BRIEF:
Could you repeat the records shown below exactly as written?
▶
lemma has_derivative_complex_grad:
  assumes "u differentiable (at z)"
  shows "(u has_derivative (\<lambda>h. Re (complex_grad u z * h))) (at z)"
proof -
  obtain D where D: "(u has_derivative D) (at z)"
    using assms by (auto simp: differentiable_def)
  have "D = (\<lambda>h. Re (complex_grad u z * h))"
  proof
    fix h
    have "h = Re h *\<^sub>R 1 + Im h *\<^sub>R \<i>"
      by (simp add: complex_eq_iff)
    then have "D h = D (Re h *\<^sub>R 1 + Im h *\<^sub>R \<i>)"
      by (rule arg_cong)
    also have "\<dots> = Re h * D 1 + Im h * D \<i>"
      using has_derivative_linear[OF D] by (simp add: linear_add linear_scale)
    finally show "D h = Re (complex_grad u z * h)"
      using px_py_eq_derivative[OF D] by simp
  qed
  with D show ?thesis
    by simp
qed

lemma harmonic_real_on_open: "harmonic_real_on R u \<Longrightarrow> open R"
  by (simp add: harmonic_real_on_def)

lemma harmonic_real_onD:
  assumes "harmonic_real_on R u" "z \<in> R"
  shows "u differentiable (at z)" "px u differentiable (at z)" "py u differentiable (at z)"
    and "px (px u) z + py (py u) z = 0"
  using assms by (auto simp: harmonic_real_on_def differentiable_on_eq_differentiable_at)

lemma complex_grad_has_field_derivative:
  assumes "harmonic_real_on R u" "z \<in> R"
  shows "(complex_grad u has_field_derivative complex_grad (px u) z) (at z)"
proof -
  note u = harmonic_real_onD[OF assms(1)]
  have deriv: "((\<lambda>y. of_real (px u y) - \<i> * of_real (py u y)) has_derivative
      (\<lambda>h. of_real (Re (complex_grad (px u) z * h)) - \<i> * of_real (Re (complex_grad (py u) z * h)))) (at z)"
    using assms(2) by (intro derivative_intros has_derivative_complex_grad u)
  have "py (px u) z = px (py u) z"
    using assms u by (intro py_px_eq_px_py[OF harmonic_real_on_open]) auto
  moreover have "py (py u) z = - px (px u) z"
    using u(4)[OF assms(2)] by linarith
  ultimately have "(\<lambda>h. of_real (Re (complex_grad (px u) z * h)) - \<i> * of_real (Re (complex_grad (py u) z * h)))
      = (*) (complex_grad (px u) z)"
    by (auto simp: fun_eq_iff complex_eq_iff algebra_simps)
  with deriv show ?thesis
    by (simp add: has_field_derivative_def complex_grad_def[abs_def])
qed

lemma complex_grad_holomorphic_on:
  assumes "harmonic_real_on R u"
  shows "complex_grad u holomorphic_on R"
  using assms complex_grad_has_field_derivative harmonic_real_on_open
  by (metis holomorphic_on_open)

lemma has_derivative_eq_imp_constant_difference:
  fixes u1 u2 :: "'a::euclidean_space \<Rightarrow> 'b::banach"
  assumes "open S" "connected S"
    and u1: "\<And>z. z \<in> S \<Longrightarrow> (u1 has_derivative D z) (at z)"
    and u2: "\<And>z. z \<in> S \<Longrightarrow> (u2 has_derivative D z) (at z)"
  shows "\<exists>c. \<forall>z\<in>S. u1 z = u2 z + c"
proof -
  have deriv: "((\<lambda>z. u1 z - u2 z) has_derivative (\<lambda>h. 0)) (at z)" if "z \<in> S" for z
    using has_derivative_diff[OF u1[OF that] u2[OF that]] by simp
  have "(\<lambda>z. u1 z - u2 z) constant_on S"
  proof (rule has_derivative_zero_connected_constant_on[OF \<open>connected S\<close> \<open>open S\<close> finite.emptyI])
    show "continuous_on S (\<lambda>z. u1 z - u2 z)"
      using deriv by (intro has_derivative_continuous_on) (auto intro: has_derivative_at_withinI)
    show "\<forall>x\<in>S - {}. ((\<lambda>z. u1 z - u2 z) has_derivative (\<lambda>h. 0)) (at x within S)"
      using deriv by (auto intro: has_derivative_at_withinI)
  qed
  then show ?thesis
    by (auto simp: constant_on_def algebra_simps)
qed

lemma complex_grad_proportional_imp_affine:
  assumes "open R" "connected R"
    and "\<And>z. z \<in> R \<Longrightarrow> u differentiable (at z)" "\<And>z. z \<in> R \<Longrightarrow> w differentiable (at z)"
    and "\<And>z. z \<in> R \<Longrightarrow> complex_grad w z = of_real l * complex_grad u z"
  shows "\<exists>c. \<forall>z\<in>R. w z = l * u z + c"
proof (rule has_derivative_eq_imp_constant_difference[OF assms(1,2)])
  fix z assume "z \<in> R"
  show "(w has_derivative (\<lambda>h. Re (complex_grad w z * h))) (at z)"
    using \<open>z \<in> R\<close> assms(4) by (intro has_derivative_complex_grad)
  have "((\<lambda>z. l * u z) has_derivative (\<lambda>h. l * Re (complex_grad u z * h))) (at z)"
    using \<open>z \<in> R\<close> assms(3) by (intro derivative_intros has_derivative_complex_grad)
  then show "((\<lambda>z. l * u z) has_derivative (\<lambda>h. Re (complex_grad w z * h))) (at z)"
    using assms(5)[OF \<open>z \<in> R\<close>] by (simp add: mult.assoc)
qed

section \<open>Level sets of real harmonic functions\<close>

lemma harmonic_real_on_eq_Re_primitive:
  assumes "harmonic_real_on R w" "convex S" "open S" "S \<subseteq> R"
  obtains H where "\<And>z. z \<in> S \<Longrightarrow> (H has_field_derivative complex_grad w z) (at z)"
    and "\<And>z. z \<in> S \<Longrightarrow> Re (H z) = w z"
proof -
  have "complex_grad w holomorphic_on S"
    using complex_grad_holomorphic_on[OF assms(1)] assms(4) by (rule holomorphic_on_subset)
  then obtain H0 where H0_within: "\<And>z. z \<in> S \<Longrightarrow> (H0 has_field_derivative complex_grad w z) (at z within S)"
    using holomorphic_convex_primitive'[OF assms(2,3)] by blast
  have H0: "(H0 has_field_derivative complex_grad w z) (at z)" if "z \<in> S" for z
    using H0_within[OF that] at_within_open[OF that \<open>open S\<close>] by simp
  have "\<exists>c. \<forall>z\<in>S. w z = Re (H0 z) + c"
  proof (rule has_derivative_eq_imp_constant_difference[OF \<open>open S\<close> convex_connected[OF \<open>convex S\<close>]])
    fix z assume "z \<in> S"
    then show "(w has_derivative (\<lambda>h. Re (complex_grad w z * h))) (at z)"
      using assms harmonic_real_onD(1) by (blast intro: has_derivative_complex_grad)
    show "((\<lambda>z. Re (H0 z)) has_derivative (\<lambda>h. Re (complex_grad w z * h))) (at z)"
      using H0[OF \<open>z \<in> S\<close>] by (auto intro!: derivative_eq_intros simp: has_field_derivative_def)
  qed
  then obtain c where c: "\<And>z. z \<in> S \<Longrightarrow> w z = Re (H0 z) + c"
    by blast
  show thesis
  proof
    fix z assume "z \<in> S"
    then show "((\<lambda>z. H0 z + of_real c) has_field_derivative complex_grad w z) (at z)"
      using H0 by (auto intro!: derivative_eq_intros)
    show "Re (H0 z + of_real c) = w z"
      using c[OF \<open>z \<in> S\<close>] by simp
  qed
qed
◀
RESPONSE AREA:
lemma has_derivative_complex_grad:
  assumes "u differentiable (at z)"
  shows "(u has_derivative (\<lambda>h. Re (complex_grad u z * h))) (at z)"
proof -
  obtain D where D: "(u has_derivative D) (at z)"
    using assms by (auto simp: differentiable_def)
  have "D = (\<lambda>h. Re (complex_grad u z * h))"
  proof
    fix h
    have "h = Re h *\<^sub>R 1 + Im h *\<^sub>R \<i>"
      by (simp add: complex_eq_iff)
    then have "D h = D (Re h *\<^sub>R 1 + Im h *\<^sub>R \<i>)"
      by (rule arg_cong)
    also have "\<dots> = Re h * D 1 + Im h * D \<i>"
      using has_derivative_linear[OF D] by (simp add: linear_add linear_scale)
    finally show "D h = Re (complex_grad u z * h)"
      using px_py_eq_derivative[OF D] by simp
  qed
  with D show ?thesis
    by simp
qed

lemma harmonic_real_on_open: "harmonic_real_on R u \<Longrightarrow> open R"
  by (simp add: harmonic_real_on_def)

lemma harmonic_real_onD:
  assumes "harmonic_real_on R u" "z \<in> R"
  shows "u differentiable (at z)" "px u differentiable (at z)" "py u differentiable (at z)"
    and "px (px u) z + py (py u) z = 0"
  using assms by (auto simp: harmonic_real_on_def differentiable_on_eq_differentiable_at)

lemma complex_grad_has_field_derivative:
  assumes "harmonic_real_on R u" "z \<in> R"
  shows "(complex_grad u has_field_derivative complex_grad (px u) z) (at z)"
proof -
  note u = harmonic_real_onD[OF assms(1)]
  have deriv: "((\<lambda>y. of_real (px u y) - \<i> * of_real (py u y)) has_derivative
      (\<lambda>h. of_real (Re (complex_grad (px u) z * h)) - \<i> * of_real (Re (complex_grad (py u) z * h)))) (at z)"
    using assms(2) by (intro derivative_intros has_derivative_complex_grad u)
  have "py (px u) z = px (py u) z"
    using assms u by (intro py_px_eq_px_py[OF harmonic_real_on_open]) auto
  moreover have "py (py u) z = - px (px u) z"
    using u(4)[OF assms(2)] by linarith
  ultimately have "(\<lambda>h. of_real (Re (complex_grad (px u) z * h)) - \<i> * of_real (Re (complex_grad (py u) z * h)))
      = (*) (complex_grad (px u) z)"
    by (auto simp: fun_eq_iff complex_eq_iff algebra_simps)
  with deriv show ?thesis
    by (simp add: has_field_derivative_def complex_grad_def[abs_def])
qed

lemma complex_grad_holomorphic_on:
  assumes "harmonic_real_on R u"
  shows "complex_grad u holomorphic_on R"
  using assms complex_grad_has_field_derivative harmonic_real_on_open
  by (metis holomorphic_on_open)

lemma has_derivative_eq_imp_constant_difference:
  fixes u1 u2 :: "'a::euclidean_space \<Rightarrow> 'b::banach"
  assumes "open S" "connected S"
    and u1: "\<And>z. z \<in> S \<Longrightarrow> (u1 has_derivative D z) (at z)"
    and u2: "\<And>z. z \<in> S \<Longrightarrow> (u2 has_derivative D z) (at z)"
  shows "\<exists>c. \<forall>z\<in>S. u1 z = u2 z + c"
proof -
  have deriv: "((\<lambda>z. u1 z - u2 z) has_derivative (\<lambda>h. 0)) (at z)" if "z \<in> S" for z
    using has_derivative_diff[OF u1[OF that] u2[OF that]] by simp
  have "(\<lambda>z. u1 z - u2 z) constant_on S"
  proof (rule has_derivative_zero_connected_constant_on[OF \<open>connected S\<close> \<open>open S\<close> finite.emptyI])
    show "continuous_on S (\<lambda>z. u1 z - u2 z)"
      using deriv by (intro has_derivative_continuous_on) (auto intro: has_derivative_at_withinI)
    show "\<forall>x\<in>S - {}. ((\<lambda>z. u1 z - u2 z) has_derivative (\<lambda>h. 0)) (at x within S)"
      using deriv by (auto intro: has_derivative_at_withinI)
  qed
  then show ?thesis
    by (auto simp: constant_on_def algebra_simps)
qed

lemma complex_grad_proportional_imp_affine:
  assumes "open R" "connected R"
    and "\<And>z. z \<in> R \<Longrightarrow> u differentiable (at z)" "\<And>z. z \<in> R \<Longrightarrow> w differentiable (at z)"
    and "\<And>z. z \<in> R \<Longrightarrow> complex_grad w z = of_real l * complex_grad u z"
  shows "\<exists>c. \<forall>z\<in>R. w z = l * u z + c"
proof (rule has_derivative_eq_imp_constant_difference[OF assms(1,2)])
  fix z assume "z \<in> R"
  show "(w has_derivative (\<lambda>h. Re (complex_grad w z * h))) (at z)"
    using \<open>z \<in> R\<close> assms(4) by (intro has_derivative_complex_grad)
  have "((\<lambda>z. l * u z) has_derivative (\<lambda>h. l * Re (complex_grad u z * h))) (at z)"
    using \<open>z \<in> R\<close> assms(3) by (intro derivative_intros has_derivative_complex_grad)
  then show "((\<lambda>z. l * u z) has_derivative (\<lambda>h. Re (complex_grad w z * h))) (at z)"
    using assms(5)[OF \<open>z \<in> R\<close>] by (simp add: mult.assoc)
qed

section \<open>Level sets of real harmonic functions\<close>

lemma harmonic_real_on_eq_Re_primitive:
  assumes "harmonic_real_on R w" "convex S" "open S" "S \<subseteq> R"
  obtains H where "\<And>z. z \<in> S \<Longrightarrow> (H has_field_derivative complex_grad w z) (at z)"
    and "\<And>z. z \<in> S \<Longrightarrow> Re (H z) = w z"
proof -
  have "complex_grad w holomorphic_on S"
    using complex_grad_holomorphic_on[OF assms(1)] assms(4) by (rule holomorphic_on_subset)
  then obtain H0 where H0_within: "\<And>z. z \<in> S \<Longrightarrow> (H0 has_field_derivative complex_grad w z) (at z within S)"
    using holomorphic_convex_primitive'[OF assms(2,3)] by blast
  have H0: "(H0 has_field_derivative complex_grad w z) (at z)" if "z \<in> S" for z
    using H0_within[OF that] at_within_open[OF that \<open>open S\<close>] by simp
  have "\<exists>c. \<forall>z\<in>S. w z = Re (H0 z) + c"
  proof (rule has_derivative_eq_imp_constant_difference[OF \<open>open S\<close> convex_connected[OF \<open>convex S\<close>]])
    fix z assume "z \<in> S"
    then show "(w has_derivative (\<lambda>h. Re (complex_grad w z * h))) (at z)"
      using assms harmonic_real_onD(1) by (blast intro: has_derivative_complex_grad)
    show "((\<lambda>z. Re (H0 z)) has_derivative (\<lambda>h. Re (complex_grad w z * h))) (at z)"
      using H0[OF \<open>z \<in> S\<close>] by (auto intro!: derivative_eq_intros simp: has_field_derivative_def)
  qed
  then obtain c where c: "\<And>z. z \<in> S \<Longrightarrow> w z = Re (H0 z) + c"
    by blast
  show thesis
  proof
    fix z assume "z \<in> S"
    then show "((\<lambda>z. H0 z + of_real c) has_field_derivative complex_grad w z) (at z)"
      using H0 by (auto intro!: derivative_eq_intros)
    show "Re (H0 z + of_real c) = w z"
      using c[OF \<open>z \<in> S\<close>] by simp
  qed
qed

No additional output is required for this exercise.